5.3 Depth First Spanning Trees ‣ 5 Depth First Search ‣ Graph Algorithms

Any edge $(v,w)$ that leads to the discovery of an unvisited vertex during a depth-first search is referred to as a tree edge of $G$ . Collectively, the tree edges of $G$ form a depth-first spanning tree of $G$ . Tree edges are detected as follows:

In Algorithm 5, the recursive depth-first search of Section 5.1, only the tree edges will cause map( $\rho,w,v$ ) to execute.
In Algorithm 6, the non-recursive depth-first search of Section 5.2, only tree edges cause visit( $w,v$ ) to execute.

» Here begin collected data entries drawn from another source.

lemma centered_sol_agree_near_zero:
  fixes V :: "'a::euclidean_space \<Rightarrow> real"
  assumes "1 \<le> n" and lip: "L-lipschitz_on UNIV (grad V)"
    and y: "centered_sol n V u0 y" and z: "centered_sol n V u0 z"
  obtains \<tau> where "0 < \<tau>" and "\<And>r. r \<in> {0..\<tau>} \<Longrightarrow> y r = z r"
proof -
  have "0 \<le> L" using lipschitz_on_nonneg[OF lip] .
  define \<tau> where "\<tau> = 1 / (L + 1)"
  have "0 < \<tau>" "\<tau> \<le> 1" "L * \<tau> < 1" using \<open>0 \<le> L\<close> by (simp_all add: \<tau>_def)
  then have "L * \<tau>\<^sup>2 < 1"
    using mult_left_mono[OF \<open>\<tau> \<le> 1\<close>, of "L * \<tau>"] \<open>0 \<le> L\<close> by (simp add: power2_eq_square mult_ac)
  define d where "d t = y t - z t" for t
  have "(d has_vector_derivative (snd (d t), - ((real n - 1) / t) *\<^sub>R snd (d t)
      + (grad V (fst (y t)) - grad V (fst (z t))))) (at t)" if "0 < t" for t
  proof -
    have "(d has_vector_derivative radial_field n (grad V) t (y t) - radial_field n (grad V) t (z t)) (at t)"
      unfolding d_def[abs_def] using y z that
      by (intro has_vector_derivative_diff) (simp_all add: centered_sol_iff)
    then show ?thesis by (simp add: radial_field_diff d_def)
  qed
  then have u_der: "((\<lambda>t. fst (d t)) has_vector_derivative snd (d t)) (at t)"
    and v_der: "((\<lambda>t. snd (d t)) has_vector_derivative - ((real n - 1) / t) *\<^sub>R snd (d t)
      + (grad V (fst (y t)) - grad V (fst (z t)))) (at t)" if "0 < t" for t
    using that by (simp_all add: has_vector_derivative_prod_iff)
  have "continuous_on {0..\<tau>} y" "continuous_on {0..\<tau>} z"
    by (rule continuous_on_subset[OF centered_sol_continuous[OF y]]
        continuous_on_subset[OF centered_sol_continuous[OF z]], auto)+
  then have u_cont: "continuous_on {0..\<tau>} (\<lambda>t. fst (d t))"
    and v_cont: "continuous_on {0..\<tau>} (\<lambda>t. snd (d t))"
    unfolding d_def by (auto intro!: continuous_intros)
  have "fst (d 0) = 0" "snd (d 0) = 0"
    using y z by (simp_all add: centered_sol_def d_def)
  moreover have G: "norm (grad V (fst (y t)) - grad V (fst (z t))) \<le> L * norm (fst (d t))"
    if "0 < t" "t \<le> \<tau>" for t
    unfolding d_def using lipschitz_on_normD[OF lip] by simp
  ultimately have "fst (d r) = 0 \<and> snd (d r) = 0" if "r \<in> {0..\<tau>}" for r
    using radial_solution_vanishes_near_zero[where u = "\<lambda>t. fst (d t)" and v = "\<lambda>t. snd (d t)",
        OF \<open>1 \<le> n\<close> \<open>0 \<le> L\<close> \<open>L * \<tau>\<^sup>2 < 1\<close> u_cont v_cont _ _ u_der v_der G that]
    by blast
  then have "y r = z r" if "r \<in> {0..\<tau>}" for r
    using that by (simp add: d_def prod_eq_iff)
  with \<open>0 < \<tau>\<close> show ?thesis by (rule that)
qed

lemma centered_sol_unique:
  fixes V :: "'a::euclidean_space \<Rightarrow> real"
  assumes "1 \<le> n" and lip: "L-lipschitz_on UNIV (grad V)"
    and y: "centered_sol n V u0 y" and z: "centered_sol n V u0 z"
  shows "y = z"
proof
  obtain \<tau> where "0 < \<tau>" and near_zero: "\<And>r. r \<in> {0..\<tau>} \<Longrightarrow> y r = z r"
    using centered_sol_agree_near_zero[OF assms] by blast
  fix r
  consider "r \<le> 0" | "r \<in> {0..\<tau>}" | "\<tau> \<le> r" by fastforce
  then show "y r = z r"
  proof cases
    case 1
    then show ?thesis using y z by (simp add: centered_sol_iff)
  next
    case 2
    then show ?thesis by (rule near_zero)
  next
    case 3
    show ?thesis
    proof (rule radial_ode_unique_forward[where n = n, OF lip \<open>0 < \<tau>\<close> 3])
      show "continuous_on {\<tau>..r} y" "continuous_on {\<tau>..r} z"
        by (rule continuous_on_subset[OF centered_sol_continuous[OF y]]
            continuous_on_subset[OF centered_sol_continuous[OF z]], use \<open>0 < \<tau>\<close> in auto)+
      show "y \<tau> = z \<tau>" using near_zero \<open>0 < \<tau>\<close> by simp
    qed (use y z \<open>0 < \<tau>\<close> in \<open>auto simp: centered_sol_iff\<close>)
  qed
qed

lemma centered_sol_S0:
  fixes V :: "'a::euclidean_space \<Rightarrow> real"
  assumes "V \<in> Vquad k R" and "1 \<le> k" and "1 \<le> n"
  shows "centered_sol n V u0 (S0 n V u0)"
proof -
  obtain L where lip: "L-lipschitz_on UNIV (grad V)"
    using Vquad_lipschitz_grad[OF assms(1,2)] .
  obtain y where "centered_sol n V u0 y"
    using centered_sol_exists[OF \<open>1 \<le> n\<close> lip] .
  then have "\<exists>!y. centered_sol n V u0 y"
    using centered_sol_unique[OF \<open>1 \<le> n\<close> lip] by blast
  then show ?thesis
    unfolding S0_def[abs_def] by (rule theI')
qed

section \<open>Convergence along the stable manifold\<close>

lemma riccati_inverse_unique:
  fixes c :: "real \<Rightarrow> real"
  assumes "0 < a" and "a \<le> b" and c: "continuous_on {a..b} c"
    and der: "\<And>t. a < t \<Longrightarrow> t < b \<Longrightarrow> (c has_real_derivative - (c t)\<^sup>2) (at t)"
    and bound: "\<And>t. t \<in> {a..b} \<Longrightarrow> \<bar>c t\<bar> \<le> C"
    and "c a = 1 / a"
  shows "c b = 1 / b"
proof -
  \<comment> \<open>\<open>q t = t c t - 1\<close> solves the linear equation \<open>q' = - c q\<close>\<close>
  define q where "q t = t * c t - 1" for t
  have "q b = 0"
  proof (rule gronwall_zero[where f = q and f' = "\<lambda>t. - c t * q t" and K = C and a = a])
    show "continuous_on {a..b} q"
      unfolding q_def by (intro continuous_intros c)
    show "(q has_vector_derivative - c t * q t) (at t)" if "a < t" "t < b" for t
    proof -
      have "(q has_real_derivative 1 * c t + (- (c t)\<^sup>2) * t - 0) (at t)"
        unfolding q_def[abs_def] by (intro DERIV_diff DERIV_mult DERIV_ident DERIV_const der that)
      then show ?thesis
        by (simp add: has_real_derivative_iff_has_vector_derivative[symmetric] q_def
            power2_eq_square algebra_simps)
    qed
    show "norm (- c t * q t) \<le> C * norm (q t)" if "a < t" "t < b" for t
      using bound[of t] that by (simp add: abs_mult mult_right_mono)
    show "q a = 0"
      using \<open>c a = 1 / a\<close> \<open>0 < a\<close> by (simp add: q_def)
  qed fact
  then show ?thesis
    using \<open>0 < a\<close> \<open>a \<le> b\<close> by (simp add: q_def field_simps)
qed

lemma has_vector_derivative_auto_field:
  fixes z :: "real \<Rightarrow> 'a::euclidean_space \<times> 'a \<times> real"
  assumes "(z has_vector_derivative auto_field n V (z r)) (at r)"
  shows "((\<lambda>s. (fst (z s), fst (snd (z s)))) has_vector_derivative
           (fst (snd (z r)), - ((real n - 1) * snd (snd (z r))) *\<^sub>R fst (snd (z r)) + grad V (fst (z r))))
           (at r)"
    and "((\<lambda>s. snd (snd (z s))) has_real_derivative - (snd (snd (z r)))\<^sup>2) (at r)"
proof -
  have "auto_field n V (z r) = (fst (snd (z r)),
      - ((real n - 1) * snd (snd (z r))) *\<^sub>R fst (snd (z r)) + grad V (fst (z r)), - (snd (snd (z r)))\<^sup>2)"
    by (simp add: auto_field_def split: prod.splits)
  with assms have "((\<lambda>s. fst (z s)) has_vector_derivative fst (snd (z r))) (at r)"
    "((\<lambda>s. fst (snd (z s))) has_vector_derivative
       - ((real n - 1) * snd (snd (z r))) *\<^sub>R fst (snd (z r)) + grad V (fst (z r))) (at r)"
    "((\<lambda>s. snd (snd (z s))) has_vector_derivative - (snd (snd (z r)))\<^sup>2) (at r)"
    by (simp_all add: has_vector_derivative_prod_iff)
  then show "((\<lambda>s. (fst (z s), fst (snd (z s)))) has_vector_derivative
           (fst (snd (z r)), - ((real n - 1) * snd (snd (z r))) *\<^sub>R fst (snd (z r)) + grad V (fst (z r))))
           (at r)"
    and "((\<lambda>s. snd (snd (z s))) has_real_derivative - (snd (snd (z r)))\<^sup>2) (at r)"
    by (simp_all add: has_vector_derivative_Pair has_real_derivative_iff_has_vector_derivative)
qed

If $G$ is a directed graph, an edge that connects a vertex to one of its ancestors in the spanning tree is referred to as a back edge. An edge that connects a vertex to one of its descendants in the spanning tree is referred to as a forward edge. If $w$ is neither an ancestor nor descendant of $v$ , then $(v,w)$ is called a cross edge.

If $G$ is an undirected graph, the depth-first spanning tree simplifies as follows:

Back edges and forward edges are not distinguished.
Cross edges do not exist.

Therefore, only two types of edge are defined for undirected graphs. We will call them tree edges and back edges.